Stored items
"""

(* Let $\rho\colon\mathcal{F}\to[\Lambda]^\omega$ with $\mathcal{F}\subseteq[\Omega]^\omega$ be a partition regular function. (1) If $\rho_{\mathsf{BI}}\leq_K\rho$, then $\rho\notin P^-_2(\Lambda)$. If moreover $\rho\in(S_1)$, then $\rho_{\mathsf{BI}}\leq_K\rho$ if and only if $\rho\notin P^-_2(\Lambda)$. (2) If $\omega^2+1\in\mathrm{FinBW}(\rho)$, then $\rho\in P^-_2(\Lambda)$. If moreover $\rho\in(S_2)$, then $\rho\in P^-_2(\Lambda)$ if and only if $\omega^2+1\in\mathrm{FinBW}(\rho)$, where the ordinal $\omega^2+1$ carries the order topology.
   Context: All topological spaces are Hausdorff. An ideal on a nonempty set $X$ is a family $\mathcal{I}\subseteq\mathcal{P}(X)$ with $\emptyset\in\mathcal{I}$, $X\notin\mathcal{I}$, closed under finite unions and subsets, containing all finite subsets; $\mathcal{I}^+=\mathcal{P}(X)\setminus\mathcal{I}$. Partition regular function: $\Lambda,\Omega$ countably infinite, $\mathcal{F}$ a nonempty family of infinite subsets of $\Omega$ with $F\setminus K\in\mathcal{F}$ for $F\in\mathcal{F}$, $K$ finite; $\rho\colon\mathcal{F}\to[\Lambda]^\omega$ is partition regular if (M) $E\subseteq F\Rightarrow\rho(E)\subseteq\rho(F)$; (R) if $F\in\mathcal{F}$ and $\rho(F)=A\cup B$ then some $E\in\mathcal{F}$ has $\rho(E)\subseteq A$ or $\rho(E)\subseteq B$; (S) for every $E\in\mathcal{F}$ there is $F\in\mathcal{F}$, $F\subseteq E$, such that every $a\in\rho(F)$ satisfies $a\notin\rho(F\setminus K)$ for some finite $K\subseteq\Omega$. $\mathcal{I}_\rho=\{A\subseteq\Lambda:\forall F\in\mathcal{F}\ \rho(F)\not\subseteq A\}$. For an ideal $\mathcal{I}$ on a countable set $\Lambda$, $\rho_{\mathcal{I}}\colon\mathcal{I}^+\to[\Lambda]^\omega$, $\rho_{\mathcal{I}}(A)=A$ (with $\Omega=\Lambda$). $\rho$-convergence and $\mathrm{FinBW}(\rho)$: for $f\colon\Lambda\to X$ and $F\in\mathcal{F}$, $f\restriction\rho(F)$ $\rho$-converges to $x$ if for every neighborhood $U$ of $x$ there is a finite $K\subseteq\Omega$ with $f[\rho(F\setminus K)]\subseteq U$; $\mathrm{FinBW}(\rho)$ is the class of spaces $X$ such that for every $f\colon\Lambda\to X$ some $F\in\mathcal{F}$ makes $f\restriction\rho(F)$ $\rho$-convergent to some point of $X$. Katětov order: $\rho_2\leq_K\rho_1$ (for $\rho_i\colon\mathcal{F}_i\to[\Lambda_i]^\omega$, $\mathcal{F}_i\subseteq[\Omega_i]^\omega$) if there is $f\colon\Lambda_1\to\Lambda_2$ such that for every $F_1\in\mathcal{F}_1$ there is $F_2\in\mathcal{F}_2$ such that for every finite $K_1\subseteq\Omega_1$ there is a finite $K_2\subseteq\Omega_2$ with $\rho_2(F_2\setminus K_2)\subseteq f[\rho_1(F_1\setminus K_1)]$. $\mathrm{FIN}^2$ on $\omega^2$: $A\in\mathrm{FIN}^2$ iff there is $i_0$ with $\{j:(i,j)\in A\}$ finite for all $i\ge i_0$. $\mathsf{BI}$ is the ideal on $\omega^3$: $A\in\mathsf{BI}$ iff there is $i_0$ such that $\{(j,k):(i,j,k)\in A\}\in\mathrm{FIN}^2$ for all $i<i_0$ and $\{(j,k):(i,j,k)\in A\}$ is finite for all $i\geq i_0$. $\rho\in P^-_2(\Lambda)$ means: for every partition $\{A_{i,j}:i,j\in\omega\}$ of $\Lambda$ with all $A_{i,j}\in\mathcal{I}_\rho$ there is $F\in\mathcal{F}$ such that (a) for all $i,j$ there is a finite $K\subseteq\Omega$ with $\rho(F\setminus K)\cap A_{i,j}=\emptyset$, and (b) there is $i_0$ such that for all $i>i_0$ there is a finite $K\subseteq\Omega$ with $\rho(F\setminus K)\cap\bigcup_{j}A_{i,j}=\emptyset$. $\rho\in(S_1)$: for every $E\in\mathcal{F}$ there is $F\in\mathcal{F}$, $F\subseteq E$, such that for every $A\in\mathcal{I}_\rho$ there is $G\in\mathcal{F}$ with $\rho(G)\subseteq\rho(F)\setminus A$ and for every finite $K$ there is a finite $L$ with $\rho(G\setminus L)\subseteq\rho(F\setminus K)$. $\rho\in(S_2)$: for every $E\in\mathcal{F}$ there is $F\in\mathcal{F}$, $F\subseteq E$, such that for every $B\subseteq\rho(F)$ with $B\notin\mathcal{I}_\rho$ there is $G\in\mathcal{F}$ with $\rho(G)\subseteq B$ and for every finite $K$ there is a finite $L$ with $\rho(G\setminus L)\subseteq\rho(F\setminus K)$. *)

theory Defs
  imports "HOL-Analysis.Analysis"
begin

"""

**What the task requires**
Print all the entries exactly as written.

**Output**
(* Let $\rho\colon\mathcal{F}\to[\Lambda]^\omega$ with $\mathcal{F}\subseteq[\Omega]^\omega$ be a partition regular function. (1) If $\rho_{\mathsf{BI}}\leq_K\rho$, then $\rho\notin P^-_2(\Lambda)$. If moreover $\rho\in(S_1)$, then $\rho_{\mathsf{BI}}\leq_K\rho$ if and only if $\rho\notin P^-_2(\Lambda)$. (2) If $\omega^2+1\in\mathrm{FinBW}(\rho)$, then $\rho\in P^-_2(\Lambda)$. If moreover $\rho\in(S_2)$, then $\rho\in P^-_2(\Lambda)$ if and only if $\omega^2+1\in\mathrm{FinBW}(\rho)$, where the ordinal $\omega^2+1$ carries the order topology.
   Context: All topological spaces are Hausdorff. An ideal on a nonempty set $X$ is a family $\mathcal{I}\subseteq\mathcal{P}(X)$ with $\emptyset\in\mathcal{I}$, $X\notin\mathcal{I}$, closed under finite unions and subsets, containing all finite subsets; $\mathcal{I}^+=\mathcal{P}(X)\setminus\mathcal{I}$. Partition regular function: $\Lambda,\Omega$ countably infinite, $\mathcal{F}$ a nonempty family of infinite subsets of $\Omega$ with $F\setminus K\in\mathcal{F}$ for $F\in\mathcal{F}$, $K$ finite; $\rho\colon\mathcal{F}\to[\Lambda]^\omega$ is partition regular if (M) $E\subseteq F\Rightarrow\rho(E)\subseteq\rho(F)$; (R) if $F\in\mathcal{F}$ and $\rho(F)=A\cup B$ then some $E\in\mathcal{F}$ has $\rho(E)\subseteq A$ or $\rho(E)\subseteq B$; (S) for every $E\in\mathcal{F}$ there is $F\in\mathcal{F}$, $F\subseteq E$, such that every $a\in\rho(F)$ satisfies $a\notin\rho(F\setminus K)$ for some finite $K\subseteq\Omega$. $\mathcal{I}_\rho=\{A\subseteq\Lambda:\forall F\in\mathcal{F}\ \rho(F)\not\subseteq A\}$. For an ideal $\mathcal{I}$ on a countable set $\Lambda$, $\rho_{\mathcal{I}}\colon\mathcal{I}^+\to[\Lambda]^\omega$, $\rho_{\mathcal{I}}(A)=A$ (with $\Omega=\Lambda$). $\rho$-convergence and $\mathrm{FinBW}(\rho)$: for $f\colon\Lambda\to X$ and $F\in\mathcal{F}$, $f\restriction\rho(F)$ $\rho$-converges to $x$ if for every neighborhood $U$ of $x$ there is a finite $K\subseteq\Omega$ with $f[\rho(F\setminus K)]\subseteq U$; $\mathrm{FinBW}(\rho)$ is the class of spaces $X$ such that for every $f\colon\Lambda\to X$ some $F\in\mathcal{F}$ makes $f\restriction\rho(F)$ $\rho$-convergent to some point of $X$. Katětov order: $\rho_2\leq_K\rho_1$ (for $\rho_i\colon\mathcal{F}_i\to[\Lambda_i]^\omega$, $\mathcal{F}_i\subseteq[\Omega_i]^\omega$) if there is $f\colon\Lambda_1\to\Lambda_2$ such that for every $F_1\in\mathcal{F}_1$ there is $F_2\in\mathcal{F}_2$ such that for every finite $K_1\subseteq\Omega_1$ there is a finite $K_2\subseteq\Omega_2$ with $\rho_2(F_2\setminus K_2)\subseteq f[\rho_1(F_1\setminus K_1)]$. $\mathrm{FIN}^2$ on $\omega^2$: $A\in\mathrm{FIN}^2$ iff there is $i_0$ with $\{j:(i,j)\in A\}$ finite for all $i\ge i_0$. $\mathsf{BI}$ is the ideal on $\omega^3$: $A\in\mathsf{BI}$ iff there is $i_0$ such that $\{(j,k):(i,j,k)\in A\}\in\mathrm{FIN}^2$ for all $i<i_0$ and $\{(j,k):(i,j,k)\in A\}$ is finite for all $i\geq i_0$. $\rho\in P^-_2(\Lambda)$ means: for every partition $\{A_{i,j}:i,j\in\omega\}$ of $\Lambda$ with all $A_{i,j}\in\mathcal{I}_\rho$ there is $F\in\mathcal{F}$ such that (a) for all $i,j$ there is a finite $K\subseteq\Omega$ with $\rho(F\setminus K)\cap A_{i,j}=\emptyset$, and (b) there is $i_0$ such that for all $i>i_0$ there is a finite $K\subseteq\Omega$ with $\rho(F\setminus K)\cap\bigcup_{j}A_{i,j}=\emptyset$. $\rho\in(S_1)$: for every $E\in\mathcal{F}$ there is $F\in\mathcal{F}$, $F\subseteq E$, such that for every $A\in\mathcal{I}_\rho$ there is $G\in\mathcal{F}$ with $\rho(G)\subseteq\rho(F)\setminus A$ and for every finite $K$ there is a finite $L$ with $\rho(G\setminus L)\subseteq\rho(F\setminus K)$. $\rho\in(S_2)$: for every $E\in\mathcal{F}$ there is $F\in\mathcal{F}$, $F\subseteq E$, such that for every $B\subseteq\rho(F)$ with $B\notin\mathcal{I}_\rho$ there is $G\in\mathcal{F}$ with $\rho(G)\subseteq B$ and for every finite $K$ there is a finite $L$ with $\rho(G\setminus L)\subseteq\rho(F\setminus K)$. *)

theory Defs
  imports "HOL-Analysis.Analysis"
begin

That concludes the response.